- **Assigned task**:
What is needed is a copy of each line in the listing that contains "definition".

───── Stored data ─────

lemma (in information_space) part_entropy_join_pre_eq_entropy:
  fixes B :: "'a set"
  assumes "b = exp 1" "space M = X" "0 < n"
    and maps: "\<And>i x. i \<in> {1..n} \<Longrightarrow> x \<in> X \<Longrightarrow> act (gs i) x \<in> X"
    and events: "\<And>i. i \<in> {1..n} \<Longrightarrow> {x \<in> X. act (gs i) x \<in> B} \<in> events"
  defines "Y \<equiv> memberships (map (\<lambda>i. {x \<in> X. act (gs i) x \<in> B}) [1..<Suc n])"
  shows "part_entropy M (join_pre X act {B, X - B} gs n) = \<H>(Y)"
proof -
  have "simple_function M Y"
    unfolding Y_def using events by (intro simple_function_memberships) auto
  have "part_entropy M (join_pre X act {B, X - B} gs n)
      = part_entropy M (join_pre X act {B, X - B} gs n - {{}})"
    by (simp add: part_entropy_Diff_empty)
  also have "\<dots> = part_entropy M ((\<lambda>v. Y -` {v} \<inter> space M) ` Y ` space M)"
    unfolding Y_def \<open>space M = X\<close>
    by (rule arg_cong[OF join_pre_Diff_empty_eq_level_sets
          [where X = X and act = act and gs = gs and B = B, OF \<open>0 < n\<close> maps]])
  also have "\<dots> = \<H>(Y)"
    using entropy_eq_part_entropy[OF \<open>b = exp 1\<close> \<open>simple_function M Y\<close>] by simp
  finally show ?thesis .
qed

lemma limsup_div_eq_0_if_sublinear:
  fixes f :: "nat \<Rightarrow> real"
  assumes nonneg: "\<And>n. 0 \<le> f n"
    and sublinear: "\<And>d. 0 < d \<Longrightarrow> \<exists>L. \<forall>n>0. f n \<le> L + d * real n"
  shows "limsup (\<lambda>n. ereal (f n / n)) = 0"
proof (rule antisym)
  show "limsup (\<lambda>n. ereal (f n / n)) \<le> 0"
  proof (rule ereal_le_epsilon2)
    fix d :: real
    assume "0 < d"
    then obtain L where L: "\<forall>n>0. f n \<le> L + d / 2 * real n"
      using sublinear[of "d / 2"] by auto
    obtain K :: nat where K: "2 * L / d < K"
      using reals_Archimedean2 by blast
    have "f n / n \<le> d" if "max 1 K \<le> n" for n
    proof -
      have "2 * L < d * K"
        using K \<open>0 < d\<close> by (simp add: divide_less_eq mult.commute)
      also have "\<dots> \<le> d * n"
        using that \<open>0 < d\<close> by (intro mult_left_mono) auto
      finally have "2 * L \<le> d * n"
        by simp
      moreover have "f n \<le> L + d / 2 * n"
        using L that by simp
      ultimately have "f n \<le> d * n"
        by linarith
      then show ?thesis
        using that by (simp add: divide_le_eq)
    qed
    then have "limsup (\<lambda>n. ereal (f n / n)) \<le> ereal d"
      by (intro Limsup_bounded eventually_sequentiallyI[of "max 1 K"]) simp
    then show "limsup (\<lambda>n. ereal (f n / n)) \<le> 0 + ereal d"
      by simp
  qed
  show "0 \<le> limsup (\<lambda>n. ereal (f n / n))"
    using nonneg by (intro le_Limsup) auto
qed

─────
───── Stored data ─────

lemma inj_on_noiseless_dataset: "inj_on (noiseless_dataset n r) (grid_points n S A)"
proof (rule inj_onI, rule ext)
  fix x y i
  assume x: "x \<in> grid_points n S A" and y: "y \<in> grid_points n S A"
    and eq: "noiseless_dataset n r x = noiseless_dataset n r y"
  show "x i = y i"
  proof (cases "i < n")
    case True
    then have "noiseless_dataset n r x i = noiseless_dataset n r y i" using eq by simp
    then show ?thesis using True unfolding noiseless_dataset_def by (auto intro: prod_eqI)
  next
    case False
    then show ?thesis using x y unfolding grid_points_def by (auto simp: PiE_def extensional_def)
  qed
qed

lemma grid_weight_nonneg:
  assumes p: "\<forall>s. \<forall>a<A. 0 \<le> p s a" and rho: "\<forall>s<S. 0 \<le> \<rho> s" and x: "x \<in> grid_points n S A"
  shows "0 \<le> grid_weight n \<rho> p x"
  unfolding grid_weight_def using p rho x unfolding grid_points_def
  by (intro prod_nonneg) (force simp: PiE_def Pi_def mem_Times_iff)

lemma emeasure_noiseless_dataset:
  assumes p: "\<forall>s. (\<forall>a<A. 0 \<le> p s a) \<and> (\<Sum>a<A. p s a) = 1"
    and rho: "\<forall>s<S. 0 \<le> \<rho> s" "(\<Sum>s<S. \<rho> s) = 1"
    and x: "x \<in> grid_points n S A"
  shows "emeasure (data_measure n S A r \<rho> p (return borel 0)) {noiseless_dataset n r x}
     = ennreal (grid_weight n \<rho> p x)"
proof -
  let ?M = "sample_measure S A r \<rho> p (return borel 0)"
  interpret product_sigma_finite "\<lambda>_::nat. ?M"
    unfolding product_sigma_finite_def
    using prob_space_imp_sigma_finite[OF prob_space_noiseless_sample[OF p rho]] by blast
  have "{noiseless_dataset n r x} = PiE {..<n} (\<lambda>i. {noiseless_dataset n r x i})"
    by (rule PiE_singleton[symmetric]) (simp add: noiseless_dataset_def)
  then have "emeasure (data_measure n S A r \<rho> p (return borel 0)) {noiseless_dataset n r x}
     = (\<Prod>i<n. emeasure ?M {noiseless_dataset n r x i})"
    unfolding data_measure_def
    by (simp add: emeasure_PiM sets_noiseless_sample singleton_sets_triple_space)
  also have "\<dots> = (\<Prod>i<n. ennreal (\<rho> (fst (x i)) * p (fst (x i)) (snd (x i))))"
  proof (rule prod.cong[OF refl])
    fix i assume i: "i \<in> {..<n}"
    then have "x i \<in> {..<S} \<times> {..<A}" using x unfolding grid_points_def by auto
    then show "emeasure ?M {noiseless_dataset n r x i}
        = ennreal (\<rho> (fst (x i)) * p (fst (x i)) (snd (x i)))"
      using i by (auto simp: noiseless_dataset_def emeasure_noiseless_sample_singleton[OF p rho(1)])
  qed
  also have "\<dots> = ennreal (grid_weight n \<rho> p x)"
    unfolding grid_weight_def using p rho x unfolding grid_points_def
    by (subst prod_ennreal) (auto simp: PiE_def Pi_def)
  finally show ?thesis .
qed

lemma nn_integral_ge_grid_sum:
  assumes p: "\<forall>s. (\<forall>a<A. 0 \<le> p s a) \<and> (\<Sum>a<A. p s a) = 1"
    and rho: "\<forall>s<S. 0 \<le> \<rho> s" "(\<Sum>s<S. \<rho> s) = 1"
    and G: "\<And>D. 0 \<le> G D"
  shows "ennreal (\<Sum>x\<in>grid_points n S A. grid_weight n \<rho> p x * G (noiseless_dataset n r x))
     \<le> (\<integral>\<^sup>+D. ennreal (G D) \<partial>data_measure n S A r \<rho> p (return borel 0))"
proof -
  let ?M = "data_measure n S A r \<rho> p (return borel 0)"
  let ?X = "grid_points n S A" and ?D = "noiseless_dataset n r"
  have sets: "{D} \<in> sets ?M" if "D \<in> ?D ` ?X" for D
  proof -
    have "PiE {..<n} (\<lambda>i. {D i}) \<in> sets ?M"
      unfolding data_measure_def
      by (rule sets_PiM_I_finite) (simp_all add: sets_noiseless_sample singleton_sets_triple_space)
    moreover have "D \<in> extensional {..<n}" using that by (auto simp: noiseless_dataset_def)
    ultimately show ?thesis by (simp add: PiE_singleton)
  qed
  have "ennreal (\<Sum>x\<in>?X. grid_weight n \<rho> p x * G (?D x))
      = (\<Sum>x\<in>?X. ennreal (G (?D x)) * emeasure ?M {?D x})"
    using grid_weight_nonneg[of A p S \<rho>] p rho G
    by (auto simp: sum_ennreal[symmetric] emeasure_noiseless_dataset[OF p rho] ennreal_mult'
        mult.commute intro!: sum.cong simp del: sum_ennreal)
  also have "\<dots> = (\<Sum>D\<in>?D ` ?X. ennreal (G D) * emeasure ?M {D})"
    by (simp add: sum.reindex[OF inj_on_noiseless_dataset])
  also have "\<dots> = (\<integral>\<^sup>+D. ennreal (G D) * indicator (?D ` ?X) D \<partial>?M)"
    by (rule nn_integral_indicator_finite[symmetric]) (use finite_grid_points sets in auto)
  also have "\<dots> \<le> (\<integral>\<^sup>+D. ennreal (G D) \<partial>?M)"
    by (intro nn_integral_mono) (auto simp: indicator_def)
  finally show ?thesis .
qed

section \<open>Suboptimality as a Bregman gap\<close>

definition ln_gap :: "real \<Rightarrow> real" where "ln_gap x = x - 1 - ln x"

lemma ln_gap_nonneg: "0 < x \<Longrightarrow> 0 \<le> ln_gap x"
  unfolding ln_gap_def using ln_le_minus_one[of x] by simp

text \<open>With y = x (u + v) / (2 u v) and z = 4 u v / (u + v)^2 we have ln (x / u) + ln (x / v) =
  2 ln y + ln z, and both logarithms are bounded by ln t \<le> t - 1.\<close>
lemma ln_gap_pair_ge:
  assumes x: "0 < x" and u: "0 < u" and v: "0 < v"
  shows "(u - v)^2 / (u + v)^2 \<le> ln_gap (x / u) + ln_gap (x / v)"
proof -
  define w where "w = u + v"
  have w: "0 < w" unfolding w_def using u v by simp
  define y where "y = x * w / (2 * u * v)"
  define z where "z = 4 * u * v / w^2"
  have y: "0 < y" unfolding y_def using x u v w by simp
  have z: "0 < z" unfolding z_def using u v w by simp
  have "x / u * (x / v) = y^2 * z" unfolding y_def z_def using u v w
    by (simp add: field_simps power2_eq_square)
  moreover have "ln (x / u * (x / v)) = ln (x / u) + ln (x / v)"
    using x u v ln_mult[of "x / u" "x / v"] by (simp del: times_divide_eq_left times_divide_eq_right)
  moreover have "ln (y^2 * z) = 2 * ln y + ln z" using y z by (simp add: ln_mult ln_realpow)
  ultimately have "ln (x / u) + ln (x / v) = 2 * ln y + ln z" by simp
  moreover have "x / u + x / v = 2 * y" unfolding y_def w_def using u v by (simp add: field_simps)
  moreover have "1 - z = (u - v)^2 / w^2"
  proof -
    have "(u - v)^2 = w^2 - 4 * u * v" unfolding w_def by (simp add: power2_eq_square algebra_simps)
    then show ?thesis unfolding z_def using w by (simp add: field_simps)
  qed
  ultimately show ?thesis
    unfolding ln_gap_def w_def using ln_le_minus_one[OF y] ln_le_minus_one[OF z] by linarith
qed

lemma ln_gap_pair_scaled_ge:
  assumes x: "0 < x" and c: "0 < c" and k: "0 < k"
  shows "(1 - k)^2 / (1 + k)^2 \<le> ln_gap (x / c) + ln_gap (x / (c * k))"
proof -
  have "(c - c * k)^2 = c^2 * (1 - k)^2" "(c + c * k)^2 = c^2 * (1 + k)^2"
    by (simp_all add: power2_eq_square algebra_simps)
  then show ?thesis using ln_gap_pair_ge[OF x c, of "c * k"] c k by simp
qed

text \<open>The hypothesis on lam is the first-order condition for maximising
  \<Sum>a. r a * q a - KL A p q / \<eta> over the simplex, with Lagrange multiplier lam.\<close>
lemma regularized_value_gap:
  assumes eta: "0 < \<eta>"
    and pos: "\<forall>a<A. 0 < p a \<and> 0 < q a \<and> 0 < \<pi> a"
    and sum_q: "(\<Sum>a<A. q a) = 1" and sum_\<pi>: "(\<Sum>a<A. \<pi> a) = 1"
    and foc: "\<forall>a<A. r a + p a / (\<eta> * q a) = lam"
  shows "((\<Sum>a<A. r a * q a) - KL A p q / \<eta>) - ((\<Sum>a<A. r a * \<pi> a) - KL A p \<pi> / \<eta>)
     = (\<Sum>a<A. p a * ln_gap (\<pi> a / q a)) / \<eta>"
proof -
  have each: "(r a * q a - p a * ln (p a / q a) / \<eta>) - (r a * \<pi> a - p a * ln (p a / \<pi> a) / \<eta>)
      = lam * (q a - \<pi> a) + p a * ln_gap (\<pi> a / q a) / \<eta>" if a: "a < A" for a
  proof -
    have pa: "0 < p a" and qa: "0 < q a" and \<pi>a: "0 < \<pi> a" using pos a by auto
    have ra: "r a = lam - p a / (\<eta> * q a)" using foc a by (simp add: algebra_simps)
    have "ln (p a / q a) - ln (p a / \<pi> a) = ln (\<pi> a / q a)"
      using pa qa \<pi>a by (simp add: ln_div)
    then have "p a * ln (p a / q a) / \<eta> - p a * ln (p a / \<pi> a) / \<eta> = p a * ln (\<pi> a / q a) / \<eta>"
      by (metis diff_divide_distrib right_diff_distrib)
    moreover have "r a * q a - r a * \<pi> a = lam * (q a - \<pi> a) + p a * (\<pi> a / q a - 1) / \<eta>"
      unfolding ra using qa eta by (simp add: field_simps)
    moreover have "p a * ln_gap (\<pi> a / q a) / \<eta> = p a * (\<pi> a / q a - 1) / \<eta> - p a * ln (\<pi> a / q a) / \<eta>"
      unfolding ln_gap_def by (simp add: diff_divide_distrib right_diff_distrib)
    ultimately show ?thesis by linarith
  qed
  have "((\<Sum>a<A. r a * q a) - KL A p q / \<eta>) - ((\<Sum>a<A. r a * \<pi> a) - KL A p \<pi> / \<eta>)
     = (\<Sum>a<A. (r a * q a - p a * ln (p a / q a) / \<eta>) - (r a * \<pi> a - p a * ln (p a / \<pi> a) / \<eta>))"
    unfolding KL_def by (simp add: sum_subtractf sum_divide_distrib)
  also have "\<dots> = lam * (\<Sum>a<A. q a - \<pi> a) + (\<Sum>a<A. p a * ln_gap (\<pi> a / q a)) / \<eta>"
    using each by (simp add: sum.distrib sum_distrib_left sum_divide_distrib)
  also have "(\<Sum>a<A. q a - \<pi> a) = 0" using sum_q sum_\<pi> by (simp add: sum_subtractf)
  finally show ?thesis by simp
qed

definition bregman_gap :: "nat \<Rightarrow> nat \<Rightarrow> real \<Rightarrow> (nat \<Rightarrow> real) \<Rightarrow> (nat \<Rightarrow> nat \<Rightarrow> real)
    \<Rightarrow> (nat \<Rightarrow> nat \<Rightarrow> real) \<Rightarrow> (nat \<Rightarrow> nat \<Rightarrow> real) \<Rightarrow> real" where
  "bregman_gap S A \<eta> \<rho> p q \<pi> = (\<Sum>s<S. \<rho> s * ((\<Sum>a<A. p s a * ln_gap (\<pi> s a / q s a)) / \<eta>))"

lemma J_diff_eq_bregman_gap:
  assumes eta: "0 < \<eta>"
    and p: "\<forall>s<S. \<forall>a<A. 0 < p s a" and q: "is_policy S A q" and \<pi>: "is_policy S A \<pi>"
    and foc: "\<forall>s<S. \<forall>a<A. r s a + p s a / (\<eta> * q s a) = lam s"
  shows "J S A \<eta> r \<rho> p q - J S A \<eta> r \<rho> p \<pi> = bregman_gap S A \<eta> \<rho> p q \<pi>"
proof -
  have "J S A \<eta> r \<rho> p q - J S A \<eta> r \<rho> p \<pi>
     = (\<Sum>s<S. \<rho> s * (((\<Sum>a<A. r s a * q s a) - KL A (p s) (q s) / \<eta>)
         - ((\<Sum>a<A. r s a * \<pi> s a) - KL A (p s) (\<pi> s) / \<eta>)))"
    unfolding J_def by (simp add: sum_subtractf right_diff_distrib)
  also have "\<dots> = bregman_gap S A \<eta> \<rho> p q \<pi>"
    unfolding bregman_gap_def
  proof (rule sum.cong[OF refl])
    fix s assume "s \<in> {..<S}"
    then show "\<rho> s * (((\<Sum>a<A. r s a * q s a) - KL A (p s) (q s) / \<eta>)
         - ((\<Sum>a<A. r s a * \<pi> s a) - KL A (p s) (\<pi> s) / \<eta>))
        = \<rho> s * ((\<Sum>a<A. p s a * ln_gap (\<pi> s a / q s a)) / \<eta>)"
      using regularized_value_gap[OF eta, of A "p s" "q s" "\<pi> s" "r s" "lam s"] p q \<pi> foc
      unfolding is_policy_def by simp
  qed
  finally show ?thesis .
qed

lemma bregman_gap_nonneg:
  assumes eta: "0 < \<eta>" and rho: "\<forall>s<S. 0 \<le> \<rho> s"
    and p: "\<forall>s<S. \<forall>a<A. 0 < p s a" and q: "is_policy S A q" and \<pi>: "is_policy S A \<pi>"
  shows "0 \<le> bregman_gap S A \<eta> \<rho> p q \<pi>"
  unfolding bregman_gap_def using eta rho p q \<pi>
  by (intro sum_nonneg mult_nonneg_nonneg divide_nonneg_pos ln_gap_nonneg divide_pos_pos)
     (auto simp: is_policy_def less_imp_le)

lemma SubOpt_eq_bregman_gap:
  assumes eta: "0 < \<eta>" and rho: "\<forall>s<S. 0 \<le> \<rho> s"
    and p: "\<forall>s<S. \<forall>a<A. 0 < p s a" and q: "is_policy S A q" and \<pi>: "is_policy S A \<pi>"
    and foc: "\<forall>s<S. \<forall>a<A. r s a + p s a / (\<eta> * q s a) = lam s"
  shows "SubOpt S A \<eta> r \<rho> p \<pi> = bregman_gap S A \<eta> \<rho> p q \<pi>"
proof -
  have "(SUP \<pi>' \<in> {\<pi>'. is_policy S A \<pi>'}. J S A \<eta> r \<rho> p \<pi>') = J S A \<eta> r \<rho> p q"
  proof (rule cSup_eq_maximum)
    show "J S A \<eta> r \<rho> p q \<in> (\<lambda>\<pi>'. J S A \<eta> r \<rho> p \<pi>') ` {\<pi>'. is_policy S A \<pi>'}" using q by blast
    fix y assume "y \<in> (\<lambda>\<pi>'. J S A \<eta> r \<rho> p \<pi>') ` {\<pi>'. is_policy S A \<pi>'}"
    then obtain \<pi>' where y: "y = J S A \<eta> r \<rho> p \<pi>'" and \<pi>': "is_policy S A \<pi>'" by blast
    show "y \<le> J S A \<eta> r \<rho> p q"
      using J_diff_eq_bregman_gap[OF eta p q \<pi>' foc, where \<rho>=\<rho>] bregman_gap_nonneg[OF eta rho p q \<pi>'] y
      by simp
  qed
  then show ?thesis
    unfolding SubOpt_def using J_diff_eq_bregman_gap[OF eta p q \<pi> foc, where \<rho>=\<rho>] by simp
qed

─────

- **Result for this task**:
definition ln_gap :: "real \<Rightarrow> real" where "ln_gap x = x - 1 - ln x"
definition bregman_gap :: "nat \<Rightarrow> nat \<Rightarrow> real \<Rightarrow> (nat \<Rightarrow> real) \<Rightarrow> (nat \<Rightarrow> nat \<Rightarrow> real)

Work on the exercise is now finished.